Work to be completed :: From the data below, return the exact lines starting at the line containing "vector_space sL \<and>" and ending at the line containing "(\<forall>x. br x x = 0) \<and>", both included, and nothing else.

START Material provided

(* For each $2$-cocycle $f = f_1 + f_2 + f_3 \in Z^2(\mathfrak{g},\mathfrak{z})$, there exists a decomposition $f_1 = f_1^0 + f_1^1$ into linear maps $f_1^0, f_1^1 \colon \Lambda^2(A) \otimes S^2(\mathfrak{k}) \to \mathfrak{z}$, where $$ f_1^0(\mathfrak{g},\mathfrak{g}') = \{0\}, \quad \operatorname{im}(\tilde f_1^1) \subseteq \operatorname{Sym}^2(\mathfrak{k},\mathfrak{z})^{\mathfrak{k}} \quad \mbox{ and } \quad T_0(A) \subseteq \ker \tilde f_1^1. $$
   Context: Let $A$ be a unital commutative associative algebra over a field $\mathbb{K}$ with $2 \in \mathbb{K}^\times$, $\mathfrak{k}$ a $\mathbb{K}$-Lie algebra, $\mathfrak{k}' := [\mathfrak{k},\mathfrak{k}]$, and $\mathfrak{g} := A \otimes \mathfrak{k}$ with bracket $[a \otimes x, a' \otimes x'] = aa' \otimes [x,x']$, so $\mathfrak{g}' = A \otimes \mathfrak{k}'$. Let $\mathfrak{z}$ be a vector space, viewed as a trivial $\mathfrak{g}$-module. Write $S^2(A) = (A \vee \mathbf{1}) \oplus I_A$, where $I_A$ is the kernel of the multiplication map $S^2(A) \to A$ and $A$ is identified with $A\vee\mathbf{1}$. There is a linear isomorphism $P=(p_1,p_2,p_3)\colon \Lambda^2(\mathfrak{g}) \to (\Lambda^2(A) \otimes S^2(\mathfrak{k})) \oplus (A \otimes \Lambda^2(\mathfrak{k})) \oplus (I_A \otimes \Lambda^2(\mathfrak{k}))$ with $p_1(ax\wedge by) = a\wedge b \otimes x\vee y$, $p_2(ax\wedge by) = ab\otimes x\wedge y$, $p_3(ax\wedge by) = (a\vee b - ab\vee \mathbf{1})\otimes x\wedge y$. Every alternating bilinear map $f\colon \Lambda^2(\mathfrak{g}) \to \mathfrak{z}$ is written $f = f_1\circ p_1 + f_2\circ p_2 + f_3 \circ p_3$ (abbreviated $f = f_1+f_2+f_3$) with linear maps $f_1 \colon \Lambda^2(A)\otimes S^2(\mathfrak{k}) \to \mathfrak{z}$, $f_2\colon A\otimes \Lambda^2(\mathfrak{k})\to\mathfrak{z}$, $f_3 \colon I_A\otimes\Lambda^2(\mathfrak{k})\to\mathfrak{z}$. For such a map $g$ on $\Lambda^2(A)\otimes S^2(\mathfrak{k})$, $\tilde g \colon A\times A \to \operatorname{Sym}^2(\mathfrak{k},\mathfrak{z})$ denotes the alternating map $\tilde g(a,b)(x,y) := g(a\wedge b\otimes x\vee y)$. $\operatorname{Sym}^2(\mathfrak{k},\mathfrak{z})^{\mathfrak{k}}$ is the space of invariant symmetric $\mathfrak{z}$-valued bilinear maps on $\mathfrak{k}$, and $T_0(A) := \operatorname{span}\{ab\wedge c + bc\wedge a + ca\wedge b - abc\wedge \mathbf{1} : a,b,c\in A\} \subseteq \Lambda^2(A)$. The condition $f_1^0(\mathfrak{g},\mathfrak{g}')=\{0\}$ means that $f_1^0\circ p_1$ vanishes on $\mathfrak{g}\times\mathfrak{g}'$. *)

theory Defs
  imports Main "HOL.Vector_Spaces"
begin

text \<open>Linearity in each of four arguments (a 4-linear map).  A linear map on a
tensor product of four spaces is encoded by its universal property as such a map.\<close>
definition quadlinear ::
  "('k::field \<Rightarrow> 'a::ab_group_add \<Rightarrow> 'a) \<Rightarrow> ('k \<Rightarrow> 'b::ab_group_add \<Rightarrow> 'b) \<Rightarrow> ('k \<Rightarrow> 'c::ab_group_add \<Rightarrow> 'c) \<Rightarrow> ('k \<Rightarrow> 'd::ab_group_add \<Rightarrow> 'd)
    \<Rightarrow> ('k \<Rightarrow> 'z::ab_group_add \<Rightarrow> 'z) \<Rightarrow> ('a \<Rightarrow> 'b \<Rightarrow> 'c \<Rightarrow> 'd \<Rightarrow> 'z) \<Rightarrow> bool" where
  "quadlinear s1 s2 s3 s4 t F \<longleftrightarrow>
     (\<forall>b c d. Vector_Spaces.linear s1 t (\<lambda>a. F a b c d)) \<and>
     (\<forall>a c d. Vector_Spaces.linear s2 t (\<lambda>b. F a b c d)) \<and>
     (\<forall>a b d. Vector_Spaces.linear s3 t (\<lambda>c. F a b c d)) \<and>
     (\<forall>a b c. Vector_Spaces.linear s4 t (\<lambda>d. F a b c d))"

definition trilinear ::
  "('k::field \<Rightarrow> 'a::ab_group_add \<Rightarrow> 'a) \<Rightarrow> ('k \<Rightarrow> 'b::ab_group_add \<Rightarrow> 'b) \<Rightarrow> ('k \<Rightarrow> 'c::ab_group_add \<Rightarrow> 'c)
    \<Rightarrow> ('k \<Rightarrow> 'z::ab_group_add \<Rightarrow> 'z) \<Rightarrow> ('a \<Rightarrow> 'b \<Rightarrow> 'c \<Rightarrow> 'z) \<Rightarrow> bool" where
  "trilinear s1 s2 s3 t F \<longleftrightarrow>
     (\<forall>b c. Vector_Spaces.linear s1 t (\<lambda>a. F a b c)) \<and>
     (\<forall>a c. Vector_Spaces.linear s2 t (\<lambda>b. F a b c)) \<and>
     (\<forall>a b. Vector_Spaces.linear s3 t (\<lambda>c. F a b c))"

text \<open>A unital commutative associative K-algebra: the ring structure is the type's
  comm_ring_1 structure, sA is the scalar multiplication.\<close>
definition comm_algebra :: "('k::field \<Rightarrow> 'a::comm_ring_1 \<Rightarrow> 'a) \<Rightarrow> bool" where
  "comm_algebra sA \<longleftrightarrow> vector_space sA \<and> (\<forall>c a b. sA c (a * b) = sA c a * b)"

definition lie_algebra :: "('k::field \<Rightarrow> 'l::ab_group_add \<Rightarrow> 'l) \<Rightarrow> ('l \<Rightarrow> 'l \<Rightarrow> 'l) \<Rightarrow> bool" where
  "lie_algebra sL br \<longleftrightarrow> vector_space sL \<and>
     (\<forall>y. Vector_Spaces.linear sL sL (\<lambda>x. br x y)) \<and>
     (\<forall>x. Vector_Spaces.linear sL sL (\<lambda>y. br x y)) \<and>
     (\<forall>x. br x x = 0) \<and>
     (\<forall>x y z. br x (br y z) + br y (br z x) + br z (br x y) = 0)"

definition derived_algebra :: "('k::field \<Rightarrow> 'l::ab_group_add \<Rightarrow> 'l) \<Rightarrow> ('l \<Rightarrow> 'l \<Rightarrow> 'l) \<Rightarrow> 'l set" where
  "derived_algebra sL br = module.span sL {br x y | x y. True}"

definition invariant_form :: "('l \<Rightarrow> 'l \<Rightarrow> 'l) \<Rightarrow> ('l \<Rightarrow> 'l \<Rightarrow> 'z::ab_group_add) \<Rightarrow> bool" where
  "invariant_form br \<beta> \<longleftrightarrow> (\<forall>w x y. \<beta> (br w x) y + \<beta> x (br w y) = 0)"

end

theory Submission
  imports Defs
begin

(* Comparing the cocycle identity for the triples (a, b, 1) and (b, a, 1) isolates the f1-terms;
   as 2 is invertible this gives f1(a,b)([z,x],y) = f1(a,b)([y,z],x), so every f1(a,b) is
   invariant. Comparing (a, b, 1) with (ab, 1, 1) in the same way shows that f3(a,b) and
   f3(ab,1) agree on [k,k] x k, and then comparing (a, b, c) with (abc, 1, 1) yields the
   T_0-relation for f1 whenever its first k-argument lies in k' = [k,k].
   Now choose a linear projection p of k with kernel k'. The part f1^0 := f1(p -, p -) vanishes
   as soon as one argument lies in k', so f1^1 := f1 - f1^0 inherits invariance from f1; and
   f1^1(x, y) = f1((1 - p) x, y) + f1((1 - p) y, p x) evaluates f1 only with first argument in
   k', so f1^1 satisfies the T_0-relation. *)

lemma (in vector_space) add_self_eq_0_imp_eq_0:
  fixes v :: 'b
  assumes "(2::'a) \<noteq> 0" and "v + v = 0"
  shows "v = 0"
proof -
  have "scale 2 v = scale (1 + 1) v" by simp
  also have "\<dots> = v + v" by (simp only: scale_left_distrib scale_one)
  finally show ?thesis using assms by simp
qed

lemma (in vector_space) exists_linear_projection_along_span:
  obtains p where "Vector_Spaces.linear scale scale p"
    and "\<And>x. x \<in> span S \<Longrightarrow> p x = 0" and "\<And>x. x - p x \<in> span S"
proof -
  interpret vector_space_pair scale scale ..
  obtain B where B: "B \<subseteq> span S" "independent B" "span S \<subseteq> span B"
    using maximal_independent_subset by blast
  then have span_B: "span B = span S"
    by (simp add: span_minimal subset_antisym)
  define q where "q = construct B id"
  have q_lin: "Vector_Spaces.linear scale scale q"
    unfolding q_def by (rule linear_construct[OF B(2)])
  show thesis
  proof
    show "Vector_Spaces.linear scale scale (\<lambda>x. x - q x)"
      by (rule linear_compose_sub[OF linear_id[unfolded id_def] q_lin])
    show "x - q x = 0" if "x \<in> span S" for x
      using linear_eq_on_span[OF q_lin linear_id, where B=B and x=x] that span_B
      by (simp add: q_def construct_basis[OF B(2)])
    show "x - (x - q x) \<in> span S" for x
      using construct_in_span[OF B(2), of id x] span_B by (simp add: q_def)
  qed
qed

lemma skew_if_alternating:
  fixes g :: "'a::ab_group_add \<Rightarrow> 'a \<Rightarrow> 'b::ab_group_add"
  assumes alt: "\<And>x. g x x = 0"
    and add_left: "\<And>x y z. g (x + y) z = g x z + g y z"
    and add_right: "\<And>x y z. g x (y + z) = g x y + g x z"
  shows "g y x = - g x y"
proof -
  have "0 = g (x + y) (x + y)" by (rule alt[symmetric])
  also have "\<dots> = g x x + g x y + (g y x + g y y)"
    by (simp only: add_left add_right ac_simps)
  also have "\<dots> = g x y + g y x" by (simp add: alt)
  finally show ?thesis by (metis add.commute eq_neg_iff_add_eq_0)
qed

lemma invariant_formI:
  fixes \<beta> :: "'l::ab_group_add \<Rightarrow> 'l \<Rightarrow> 'z::ab_group_add"
  assumes sym: "\<And>x y. \<beta> x y = \<beta> y x"
    and br_skew: "\<And>x y. br y x = - br x y"
    and neg_right: "\<And>x y. \<beta> x (- y) = - \<beta> x y"
    and cyclic: "\<And>x y z. \<beta> (br z x) y = \<beta> (br y z) x"
  shows "invariant_form br \<beta>"
  unfolding invariant_form_def
proof (intro allI)
  fix w x y
  have "\<beta> (br w x) y = \<beta> (br y w) x" by (rule cyclic)
  also have "\<dots> = \<beta> x (br y w)" by (rule sym)
  also have "\<dots> = - \<beta> x (br w y)" by (simp add: br_skew[of w y] neg_right)
  finally show "\<beta> (br w x) y + \<beta> x (br w y) = 0" by simp
qed

lemma quadlinear_compose:
  assumes "quadlinear s1 s2 s3 s4 t F"
    and "Vector_Spaces.linear s3 s3 g" and "Vector_Spaces.linear s4 s4 h"
  shows "quadlinear s1 s2 s3 s4 t (\<lambda>a b c d. F a b (g c) (h d))"
  using assms Vector_Spaces.linear_compose[of s3 s3 g t]
    Vector_Spaces.linear_compose[of s4 s4 h t]
  unfolding quadlinear_def comp_def by blast

lemma linear_compose_sub':
  assumes "Vector_Spaces.linear s t \<phi>" and "Vector_Spaces.linear s t \<psi>"
  shows "Vector_Spaces.linear s t (\<lambda>x. \<phi> x - \<psi> x)"
proof -
  from assms(1) have "vector_space s" and "vector_space t"
    by (simp_all add: linear_iff)
  then interpret vector_space_pair s t
    by (simp add: vector_space_pair_def)
  show ?thesis
    using assms by (rule linear_compose_sub)
qed

lemma quadlinear_diff:
  assumes "quadlinear s1 s2 s3 s4 t F" and "quadlinear s1 s2 s3 s4 t G"
  shows "quadlinear s1 s2 s3 s4 t (\<lambda>a b c d. F a b c d - G a b c d)"
  using assms unfolding quadlinear_def by (intro conjI allI linear_compose_sub') auto

locale current_cocycle =
  fixes sA :: "'k::field \<Rightarrow> 'a::comm_ring_1 \<Rightarrow> 'a"
    and sL :: "'k \<Rightarrow> 'l::ab_group_add \<Rightarrow> 'l"
    and br :: "'l \<Rightarrow> 'l \<Rightarrow> 'l"
    and sZ :: "'k \<Rightarrow> 'z::ab_group_add \<Rightarrow> 'z"
    and f :: "'a \<Rightarrow> 'l \<Rightarrow> 'a \<Rightarrow> 'l \<Rightarrow> 'z"
    and f1 :: "'a \<Rightarrow> 'a \<Rightarrow> 'l \<Rightarrow> 'l \<Rightarrow> 'z"
    and f2 :: "'a \<Rightarrow> 'l \<Rightarrow> 'l \<Rightarrow> 'z"
    and f3 :: "'a \<Rightarrow> 'a \<Rightarrow> 'l \<Rightarrow> 'l \<Rightarrow> 'z"
  assumes two: "(2::'k) \<noteq> 0"
    and lie: "lie_algebra sL br"
    and Z: "vector_space sZ"
    and f_cocycle: "\<And>a b c x y z.
          f (a * b) (br x y) c z + f (b * c) (br y z) a x + f (c * a) (br z x) b y = 0"
    and f1_lin: "quadlinear sA sA sL sL sZ f1"
    and f1_alt: "\<And>a x y. f1 a a x y = 0"
    and f1_sym: "\<And>a b x y. f1 a b x y = f1 a b y x"
    and f3_sym: "\<And>a b x y. f3 a b x y = f3 b a x y"
    and decomp: "\<And>a b x y. f a x b y = f1 a b x y + f2 (a * b) x y + (f3 a b x y - f3 (a * b) 1 x y)"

END Material provided

Result of the task ::
  "lie_algebra sL br \<longleftrightarrow> vector_space sL \<and>
     (\<forall>y. Vector_Spaces.linear sL sL (\<lambda>x. br x y)) \<and>
     (\<forall>x. Vector_Spaces.linear sL sL (\<lambda>y. br x y)) \<and>
     (\<forall>x. br x x = 0) \<and>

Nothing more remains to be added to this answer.